(EXERCISE REQUIREMENTS)
Would you please return the lines of the entries below starting at the line that has "w, ..., 2w - 1 of" and ending at the line that has "every other reward", both included, exactly as they are?

--*--

text \<open>
  Lower bound. All means are 1, so every Markovian policy collects exactly H. An L-lookahead
  policy is at step h within L - 1 moves of its position at step h - L, and that position is
  determined by the rewards of the steps before h. So the pair played at step h lies in a set of
  at most 2L state-action pairs chosen independently of R_h, and step h pays at most 2L in
  expectation. Hence V^L \<le> 2LH and CR^L \<ge> 1/(2L).

  Upper bound. Take w \<approx> L/4 and cut the diagonal into blocks of 4w steps. The steps at offsets
  w, ..., 2w - 1 of a block are independent lotteries on w cells of their antidiagonal: with
  probability 1/w one uniformly chosen cell pays w^2 and the others 0, otherwise all w cells pay 0;
  every other reward is the constant 1. Looking 2w steps ahead, a policy can walk from the corner
  of the block to the first jackpot of the block and collect it. The first jackpot is at the d-th
  lottery with probability (1 - 1/w)^d / w, so a block pays at least w^2/2 in expectation. With
  about H/(4w) blocks, V^L \<ge> wH/8 roughly, and CR^L = H / V^L = O(1/L).
\<close>

subsection \<open>Trajectories of the grid\<close>

lemma UNIV_act: "(UNIV :: act set) = {Right, Up}"
  using act.exhaust by auto

lemma finite_grid_X [simp]: "finite (grid_X n)"
  unfolding grid_X_def by (simp add: UNIV_act)

lemma fst_grid_step: "fst (grid_step n s a) = fst s \<or> fst (grid_step n s a) = Suc (fst s)"
  by (auto simp: grid_step_def split: prod.splits act.splits)

lemma grid_traj_in_grid:
  assumes "1 \<le> n" "k \<le> 2 * n - 2"
  shows "1 \<le> fst (grid_traj n \<pi> \<omega> k) \<and> fst (grid_traj n \<pi> \<omega> k) \<le> n \<and>
         1 \<le> snd (grid_traj n \<pi> \<omega> k) \<and> snd (grid_traj n \<pi> \<omega> k) \<le> n \<and>
         fst (grid_traj n \<pi> \<omega> k) + snd (grid_traj n \<pi> \<omega> k) = k + 2"
  using assms(2)
proof (induction k)
  case 0
  then show ?case using assms(1) by simp
next
  case (Suc k)
  obtain i j where ij: "grid_traj n \<pi> \<omega> k = (i, j)" by (cases "grid_traj n \<pi> \<omega> k")
  from Suc ij have "1 \<le> i" "i \<le> n" "1 \<le> j" "j \<le> n" "i + j = k + 2" by auto
  moreover from this Suc.prems have "i < n \<or> j < n" by linarith
  ultimately show ?case using ij by (auto simp: grid_step_def split: act.splits)
qed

--*--

(TASK SOLUTION)
  w, ..., 2w - 1 of a block are independent lotteries on w cells of their antidiagonal: with
  probability 1/w one uniformly chosen cell pays w^2 and the others 0, otherwise all w cells pay 0;
  every other reward is the constant 1. Looking 2w steps ahead, a policy can walk from the corner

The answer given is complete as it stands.